TPM / RPM Rate Limit Calculator

Enter your actual or expected requests-per-minute and average token counts, then set your OpenAI or Anthropic tier limits. The calculator shows which limit — TPM or RPM — binds first, how close you are to the cap, and the maximum throughput you can safely sustain.

Rate limits vary by model and usage tier. Check your limits at platform.openai.com/account/limits or console.anthropic.com/settings/limits.

How to use the TPM / RPM Rate Limit Calculator

Fill in your current or planned traffic numbers in the top row, then set your account's rate limits in the second row. If you do not know your limits, the defaults are typical for OpenAI Tier 2 on GPT-4o-mini. Click any input to recalculate instantly.

The calculator computes tokens per minute as RPM × (avg input tokens + avg output tokens), then compares that against your TPM and RPM caps. It tells you:

  • Your actual tokens-per-minute and what percentage of the TPM cap they consume.
  • Your RPM as a percentage of the RPM cap.
  • Which limit binds first — the one with the lower headroom is your effective ceiling.
  • The maximum safe RPM under the TPM cap: floor(TPM cap / (tin + tout)).
  • Headroom — how many more requests per minute you can add before hitting the first limit.

TPM, RPM, and how rate limits interact

OpenAI and Anthropic enforce two independent rate limits: Tokens Per Minute (TPM) and Requests Per Minute (RPM). Both are sliding-window limits, and you can hit either one independently. Your effective throughput ceiling is whichever limit you reach first. A single request that passes the RPM check can still be rejected if it pushes you over the TPM limit; conversely, low-token requests can exhaust your RPM allowance before touching the TPM cap.

The key insight is that TPM and RPM are not interchangeable. If your prompts are large (e.g., a 10k-token RAG context), you will hit the TPM wall long before the RPM wall. If your prompts are tiny (e.g., 50-token classification tasks), you will hit RPM first. Understanding which limit binds determines where to optimize: for TPM-bound workloads, compress prompts or use a model with a higher TPM limit; for RPM-bound workloads, use the Batch API or consolidate requests.

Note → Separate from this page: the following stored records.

(* Consider the $Q\times2$ coin problem below with $Q\ge12$, and let $C_1=40$, $C_2=64$. For any algorithm $\mathrm{Alg}$, if \[ N_1\le T_1:=\frac{Q}{4C_1\lambda^2}\quad\text{and}\quad N_2\le T_2:=\frac{Q(\delta+\epsilon)}{4C_2\epsilon^2}, \] then there exists a set $J\subseteq[Q]$ with $|J|\ge\frac{Q}{6}$ such that $\mathbb P_j[\hat\theta=j]\le\frac12$ for all $j\in J$.
   Context: Coin problem: constants $\delta,\lambda,\epsilon\in(0,\frac14]$ and $2Q$ coins arranged in a $Q\times2$ table (rows $1,\dots,Q$, columns $1,2$), one coin per cell. There is an unknown special row $\theta\in[Q]$. In column 1 all coins are fair except the coin in row $\theta$, whose probability of heads is $\frac12+\lambda$. In column 2 all coins have probability of heads $\delta$ except the coin in row $\theta$, with probability of heads $\delta+\epsilon$. An algorithm sequentially chooses coins to flip, each choice possibly depending on all previous outcomes, performs a (possibly random, data-dependent) total of $\tau=N_1+N_2\le H$ flips for a fixed budget $H>0$, where $N_1$ and $N_2$ are the numbers of flips of coins in column 1 and column 2 respectively, and then outputs a prediction $\hat\theta\in[Q]$. For $j\in[Q]$, $\mathbb P_j$ denotes the probability measure induced by the algorithm and the coins when $\theta=j$. *)

theory Defs
  imports "HOL-Probability.Probability"
begin

text \<open>Coin problem model.  Rows are 1..Q, columns 1,2.  A history is the list of
  performed flips: ((row, column), outcome), outcome True = heads.\<close>

datatype action = Flip nat nat | Stop nat

type_synonym history = "((nat \<times> nat) \<times> bool) list"

type_synonym algorithm = "history \<Rightarrow> action pmf"

definition coin_prob :: "real \<Rightarrow> real \<Rightarrow> real \<Rightarrow> nat \<Rightarrow> nat \<Rightarrow> nat \<Rightarrow> real" where
  "coin_prob lam delta eps theta r c =
     (if c = 1 then (if r = theta then 1/2 + lam else 1/2)
      else (if r = theta then delta + eps else delta))"

fun run :: "real \<Rightarrow> real \<Rightarrow> real \<Rightarrow> nat \<Rightarrow> algorithm \<Rightarrow> nat \<Rightarrow> history
            \<Rightarrow> (history \<times> nat) pmf" where
  "run lam delta eps theta alg 0 h =
     map_pmf (\<lambda>a. case a of Stop k \<Rightarrow> (h, k) | Flip r c \<Rightarrow> (h, 0)) (alg h)"
| "run lam delta eps theta alg (Suc n) h =
     alg h \<bind> (\<lambda>a. case a of
        Stop k \<Rightarrow> return_pmf (h, k)
      | Flip r c \<Rightarrow> bernoulli_pmf (coin_prob lam delta eps theta r c) \<bind>
                     (\<lambda>b. run lam delta eps theta alg n (h @ [((r, c), b)])))"

definition valid_alg :: "nat \<Rightarrow> nat \<Rightarrow> algorithm \<Rightarrow> bool" where
  "valid_alg Q H alg \<longleftrightarrow>
     (\<forall>h. \<forall>a \<in> set_pmf (alg h).
        (\<forall>r c. a = Flip r c \<longrightarrow> r \<in> {1..Q} \<and> c \<in> {1,2} \<and> length h < H) \<and>
        (\<forall>k. a = Stop k \<longrightarrow> k \<in> {1..Q}))"

definition P :: "real \<Rightarrow> real \<Rightarrow> real \<Rightarrow> nat \<Rightarrow> algorithm \<Rightarrow> nat \<Rightarrow> (history \<times> nat) pmf" where
  "P lam delta eps H alg j = run lam delta eps j alg H []"

definition N1 :: "history \<Rightarrow> nat" where
  "N1 h = length (filter (\<lambda>x. snd (fst x) = 1) h)"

Tiers matter significantly. OpenAI Tier 1 (new accounts) starts at 500 RPM and 200k TPM on GPT-4o-mini. Tier 5 can be 30,000 RPM and 150M TPM. Anthropic's tiers scale similarly. Always verify your current limits in the provider console rather than relying on documentation defaults, as limits can be raised by request or automatically as usage history builds.

Common use cases

  • Pre-launch capacity check — verify your expected traffic fits within your tier before going live.
  • Rate limit upgrade justification — quantify how close to the cap you are to support a limit increase request.
  • Batch API decision — determine if your workload is RPM-bound and therefore a good fit for the async Batch API.
  • Prompt optimization ROI — see exactly how much throughput you gain per 100 tokens you trim from your prompt.
  • Multi-tenant SaaS planning — estimate how many concurrent end-users your current tier can support.

Frequently asked questions

What does "which limit binds first" mean?

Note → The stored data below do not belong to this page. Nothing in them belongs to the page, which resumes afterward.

theorem lemma6p5:
  fixes \<alpha> \<beta> c1 c2 :: real and m n :: nat
  assumes "0 \<le> \<alpha>" "\<alpha> \<le> 1" "\<beta> > -1" "m \<ge> 1" "n \<ge> 1" "c1 > 0" "c2 > 0"
  shows "\<exists>C>0. \<forall>(f :: real \<Rightarrow> real) t0.
    (t0 > 0 \<and> (\<forall>t>0. f differentiable (at t)) \<and>
     completely_monotone (\<lambda>t. - deriv f t) \<and>
     (\<integral>\<^sup>+ t \<in> {0<..<t0}. ennreal (\<bar>f t\<bar> * t powr \<beta>) \<partial>lborel) < \<infinity>)
    \<longrightarrow>
    (\<integral>\<^sup>+ t \<in> {0<..<t0}.
        ennreal (npow \<bar>(deriv ^^ m) f (c1 * t)\<bar> \<alpha> * npow \<bar>(deriv ^^ n) f (c2 * t)\<bar> (1 - \<alpha>)
                 * t powr (real m * \<alpha> + real n * (1 - \<alpha>) + \<beta>)) \<partial>lborel)
      \<le> ennreal C * ((\<integral>\<^sup>+ t \<in> {0<..<t0}. ennreal (\<bar>f t\<bar> * t powr \<beta>) \<partial>lborel)
                      + ennreal (\<bar>f t0\<bar> * t0 powr (1 + \<beta>)))
    \<and>
    (\<integral>\<^sup>+ t \<in> {0<..<t0}.
        ennreal (npow \<bar>f (c1 * t)\<bar> \<alpha> * npow \<bar>(deriv ^^ n) f (c2 * t)\<bar> (1 - \<alpha>)
                 * t powr (real n * (1 - \<alpha>) + \<beta>)) \<partial>lborel)
      \<le> ennreal C * ((\<integral>\<^sup>+ t \<in> {0<..<max c1 1 * t0}. ennreal (\<bar>f t\<bar> * t powr \<beta>) \<partial>lborel)
                      + ennreal (\<bar>f t0\<bar> * t0 powr (1 + \<beta>)))"
proof -
  define C where "C = deriv_dilation_const \<beta> c1 m + deriv_dilation_const \<beta> c2 n + c1 powr (-1 - \<beta>)"
  have C_ge: "deriv_dilation_const \<beta> c1 m + deriv_dilation_const \<beta> c2 n \<le> C"
    "c1 powr (-1 - \<beta>) + deriv_dilation_const \<beta> c2 n \<le> C"
    using deriv_dilation_const_pos[OF assms(3,6), of m] by (simp_all add: C_def)
  have "C > 0"
    using deriv_dilation_const_pos[OF assms(3,6), of m]
      deriv_dilation_const_pos[OF assms(3,7), of n] assms(6)
    by (simp add: C_def add_pos_pos)
  show ?thesis
  proof (intro exI[of _ C] conjI allI impI \<open>C > 0\<close>, goal_cases)
    case (1 f t0)
    interpret neg_deriv_completely_monotone f
      using 1 by unfold_locales auto
    show ?case
      using nn_integral_interpolation_deriv_deriv_le[OF assms, of t0] 1
        mult_right_mono[OF ennreal_leI[OF C_ge(1)], of "weighted_L1_with_endpoint \<beta> f t0"]
      unfolding weighted_L1_with_endpoint_def weighted_L1_def by (meson order_trans zero_le)
  next
    case (2 f t0)
    interpret neg_deriv_completely_monotone f
      using 2 by unfold_locales auto
    show ?case
      using nn_integral_interpolation_value_deriv_le[OF assms(1-3,5-7), of t0] 2
        mult_right_mono[OF ennreal_leI[OF C_ge(2)]]
      unfolding weighted_L1_def by (meson order_trans zero_le)
  qed
qed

It means which limit — TPM or RPM — you will hit first given your current traffic. The binding limit is the effective ceiling on your throughput. You cannot exceed either limit, so the tighter one determines your max safe load.

How do input and output tokens count differently?

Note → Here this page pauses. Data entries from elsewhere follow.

locale level_extension =
  fixes R m :: "'k::field_char_0 set" and \<Sigma> :: "('k \<Rightarrow> real) set"
    and R' m' :: "'k set" and \<Sigma>' :: "('k \<Rightarrow> real) set"
  assumes level: "level_datum R m \<Sigma>" and level': "level_datum R' m' \<Sigma>'"
    and order_subset: "R \<subseteq> R'" and modulus_extend: "ideal_mult m R' \<subseteq> m'"
    and places_subset: "\<Sigma>' \<subseteq> \<Sigma>"
begin

sublocale src: ray_modulus R m \<Sigma> by (rule ray_modulus_level_datum[OF level])

sublocale tgt: ray_modulus R' m' \<Sigma>' by (rule ray_modulus_level_datum[OF level'])

lemma modulus_subset_target: "m \<subseteq> m'"
  using modulus_extend ideal_mult_mem[of _ m 1 R'] subring_one[OF tgt.subring] by auto

lemma ray_elements_subset: "ray_elements R m \<Sigma> \<subseteq> ray_elements R' m' \<Sigma>'"
proof -
  have "S_m R m \<subseteq> S_m R' m'"
    using src.S_m_iff tgt.S_m_iff order_subset modulus_subset_target by blast
  then show ?thesis unfolding ray_elements_def using modulus_subset_target places_subset by blast
qed

lemma extension_submodule: "O_submodule R' (ideal_mult a R')"
  by (rule ideal_mult_submodule[OF subring_submodule[OF tgt.subring]])

lemma extension_in_J_star: "a \<in> J_star R m \<Longrightarrow> ideal_mult a R' \<in> J_star R' m'"
  by (rule J_star_extend[OF src.subring tgt.subring order_subset src.modulus tgt.modulus modulus_extend])

lemma ideal_class_extend_cong:
  assumes c: "O_submodule R c" and M: "O_submodule R M"
    and eq: "ideal_class R m \<Sigma> c = ideal_class R m \<Sigma> M"
  shows "ideal_class R' m' \<Sigma>' (ideal_mult c R') = ideal_class R' m' \<Sigma>' (ideal_mult M R')"
proof -
  have "c \<in> ideal_class R m \<Sigma> M" using src.ideal_class_self[OF c] eq by simp
  then obtain \<alpha> where \<alpha>: "\<alpha> \<in> ray_elements R m \<Sigma>" "c = smul \<alpha> M"
    using src.ideal_class_eq_image[OF M] by blast
  then have "ideal_mult c R' = smul \<alpha> (ideal_mult M R')" by (simp add: ideal_mult_smul_left)
  then show ?thesis
    using tgt.ideal_class_smul[OF extension_submodule] \<alpha>(1) ray_elements_subset by auto
qed

definition ext_map :: "'k set set \<Rightarrow> 'k set set" where
  "ext_map X = ideal_class R' m' \<Sigma>' (ideal_mult (SOME a. a \<in> J_star R m \<and> X = ideal_class R m \<Sigma> a) R')"

lemma ext_map_ideal_class:
  assumes a: "a \<in> J_star R m"
  shows "ext_map (ideal_class R m \<Sigma> a) = ideal_class R' m' \<Sigma>' (ideal_mult a R')"
proof -
  let ?b = "SOME b. b \<in> J_star R m \<and> ideal_class R m \<Sigma> a = ideal_class R m \<Sigma> b"
  have "?b \<in> J_star R m \<and> ideal_class R m \<Sigma> a = ideal_class R m \<Sigma> ?b"
    using a by (rule someI[where P = "\<lambda>b. b \<in> J_star R m \<and> _ = ideal_class R m \<Sigma> b", OF conjI[OF _ refl]])
  then show ?thesis
    unfolding ext_map_def using ideal_class_extend_cong J_star_submodule a by metis
qed

lemma ext_map_is_ext_map: "is_ext_map R m \<Sigma> R' m' \<Sigma>' ext_map"
  unfolding is_ext_map_def
proof (intro conjI ballI homI)
  show "ext_map (ideal_class R m \<Sigma> a) = ideal_class R' m' \<Sigma>' (ideal_mult a R')" if "a \<in> J_star R m" for a
    using ext_map_ideal_class that .
  show "ext_map X \<in> carrier (ray_class_group R' m' \<Sigma>')" if "X \<in> carrier (ray_class_group R m \<Sigma>)" for X
    using that ext_map_ideal_class extension_in_J_star
    unfolding src.carrier_ray_class_group tgt.carrier_ray_class_group by auto
  fix X Y
  assume "X \<in> carrier (ray_class_group R m \<Sigma>)" "Y \<in> carrier (ray_class_group R m \<Sigma>)"
  then obtain a b where ab: "a \<in> J_star R m" "X = ideal_class R m \<Sigma> a"
    "b \<in> J_star R m" "Y = ideal_class R m \<Sigma> b"
    unfolding src.carrier_ray_class_group by blast
  have R'R': "ideal_mult R' R' = R'" by (rule ideal_mult_subring_self[OF tgt.subring])
  have "X \<otimes>\<^bsub>ray_class_group R m \<Sigma>\<^esub> Y = ideal_class R m \<Sigma> (ideal_mult a b)"
    using src.ideal_class_mult[OF J_star_submodule J_star_submodule] ab
    by (simp add: src.mult_ray_class_group)
  then have "ext_map (X \<otimes>\<^bsub>ray_class_group R m \<Sigma>\<^esub> Y) = ideal_class R' m' \<Sigma>' (ideal_mult (ideal_mult a b) R')"
    using ext_map_ideal_class J_star_mult[OF src.subring src.modulus ab(1,3)] by simp
  also have "ideal_mult (ideal_mult a b) R' = ideal_mult (ideal_mult a R') (ideal_mult b R')"
    using ideal_mult_mult_mult[of a b R' R'] R'R' by simp
  also have "ideal_class R' m' \<Sigma>' \<dots> = ext_map X \<otimes>\<^bsub>ray_class_group R' m' \<Sigma>'\<^esub> ext_map Y"
    using tgt.ideal_class_mult[OF extension_submodule extension_submodule] ab ext_map_ideal_class
    by (simp add: tgt.mult_ray_class_group)
  finally show "ext_map (X \<otimes>\<^bsub>ray_class_group R m \<Sigma>\<^esub> Y) = ext_map X \<otimes>\<^bsub>ray_class_group R' m' \<Sigma>'\<^esub> ext_map Y" .
qed

lemma is_ext_map_unique:
  assumes "is_ext_map R m \<Sigma> R' m' \<Sigma>' h" "X \<in> carrier (ray_class_group R m \<Sigma>)"
  shows "h X = ext_map X"
  using assms ext_map_ideal_class unfolding is_ext_map_def src.carrier_ray_class_group by auto

end

lemma is_ext_map_comp:
  assumes e1: "level_extension R m \<Sigma> R' m' \<Sigma>'" and e2: "level_extension R' m' \<Sigma>' R'' m'' \<Sigma>''"
    and h1: "is_ext_map R m \<Sigma> R' m' \<Sigma>' h1" and h2: "is_ext_map R' m' \<Sigma>' R'' m'' \<Sigma>'' h2"
    and h3: "is_ext_map R m \<Sigma> R'' m'' \<Sigma>'' h3"
    and X: "X \<in> carrier (ray_class_group R m \<Sigma>)"
  shows "h2 (h1 X) = h3 X"
proof -
  interpret e1: level_extension R m \<Sigma> R' m' \<Sigma>' by fact
  interpret e2: level_extension R' m' \<Sigma>' R'' m'' \<Sigma>'' by fact
  obtain a where a: "a \<in> J_star R m" "X = ideal_class R m \<Sigma> a"
    using X unfolding e1.src.carrier_ray_class_group by blast
  have "h2 (h1 X) = ideal_class R'' m'' \<Sigma>'' (ideal_mult (ideal_mult a R') R'')"
    using h1 h2 a e1.extension_in_J_star unfolding is_ext_map_def by simp
  also have "ideal_mult (ideal_mult a R') R'' = ideal_mult a R''"
    using ideal_mult_subring_subset[OF e1.tgt.subring e2.tgt.subring e2.order_subset]
    by (simp add: ideal_mult_assoc)
  finally show ?thesis using h3 a unfolding is_ext_map_def by simp
qed

section \<open>Finiteness properties of number fields and their orders\<close>

definition rat_scale :: "rat \<Rightarrow> 'k::field_char_0 \<Rightarrow> 'k" where
  "rat_scale q x = of_rat q * x"

interpretation rat_vs: vector_space "rat_scale :: rat \<Rightarrow> 'k::field_char_0 \<Rightarrow> 'k"
  by unfold_locales (simp_all add: rat_scale_def algebra_simps of_rat_add of_rat_mult)

lemma rat_independent_iff:
  "\<not> rat_vs.dependent S \<longleftrightarrow>
    (\<forall>t u. finite t \<and> t \<subseteq> S \<and> (\<Sum>v\<in>t. of_rat (u v) * v) = (0::'k::field_char_0) \<longrightarrow> (\<forall>v\<in>t. u v = 0))"
  unfolding rat_vs.dependent_explicit rat_scale_def by blast

lemma sum_two_points:
  fixes b :: "nat \<Rightarrow> 'a::ring_1"
  assumes "finite I" "i \<in> I" "j \<in> I" "i \<noteq> j"
  shows "(\<Sum>l\<in>I. (if l = i then 1 else if l = j then - 1 else 0) * b l) = b i - b j"
proof -
  have "(\<Sum>l\<in>I. (if l = i then 1 else if l = j then - 1 else 0) * b l)
      = (\<Sum>l\<in>I. (if l = i then b l else 0) - (if l = j then b l else 0))"
    using assms(4) by (intro sum.cong) auto
  also have "\<dots> = b i - b j" using assms by (simp add: sum_subtractf)
  finally show ?thesis .
qed

lemma sum_reindex_family:
  assumes "inj_on w I" "t \<subseteq> w ` I" "finite I"
  shows "(\<Sum>i\<in>I. if w i \<in> t then f (w i) else 0) = (\<Sum>v\<in>t. f v)"
proof -
  have "(\<Sum>i\<in>I. if w i \<in> t then f (w i) else 0) = (\<Sum>i\<in>{i\<in>I. w i \<in> t}. f (w i))"
    using assms(3) by (simp add: sum.inter_filter)
  also have "\<dots> = (\<Sum>v\<in>w ` {i\<in>I. w i \<in> t}. f v)"
    using assms(1) by (subst sum.reindex) (auto intro: inj_on_subset)
  also have "w ` {i\<in>I. w i \<in> t} = t" using assms(2) by auto
  finally show ?thesis .
qed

Most providers count both input and output tokens toward your TPM limit. Some providers charge them at different rates, but both consume TPM capacity. This calculator adds them together to compute total tokens per request.

Why does my RPM seem low even though I have headroom on TPM?

RPM is a flat request count; it does not adjust for token size. Short requests consume RPM just as fast as long ones. If your use case has many small requests, you are likely RPM-bound and should look at request consolidation or the Batch API.

How do I request a rate limit increase?

For OpenAI, go to platform.openai.com → Settings → Limits and submit a limit increase request. For Anthropic, contact support through console.anthropic.com. Most providers grant increases automatically once sufficient usage history is established.

Do rate limits reset every minute exactly?

Both OpenAI and Anthropic use a sliding window, not a hard per-minute reset. If you send 500 requests in 10 seconds, you will be throttled even if your RPM cap is 500, because the trailing 60-second window is full. Space requests evenly with a token-bucket or leaky-bucket algorithm.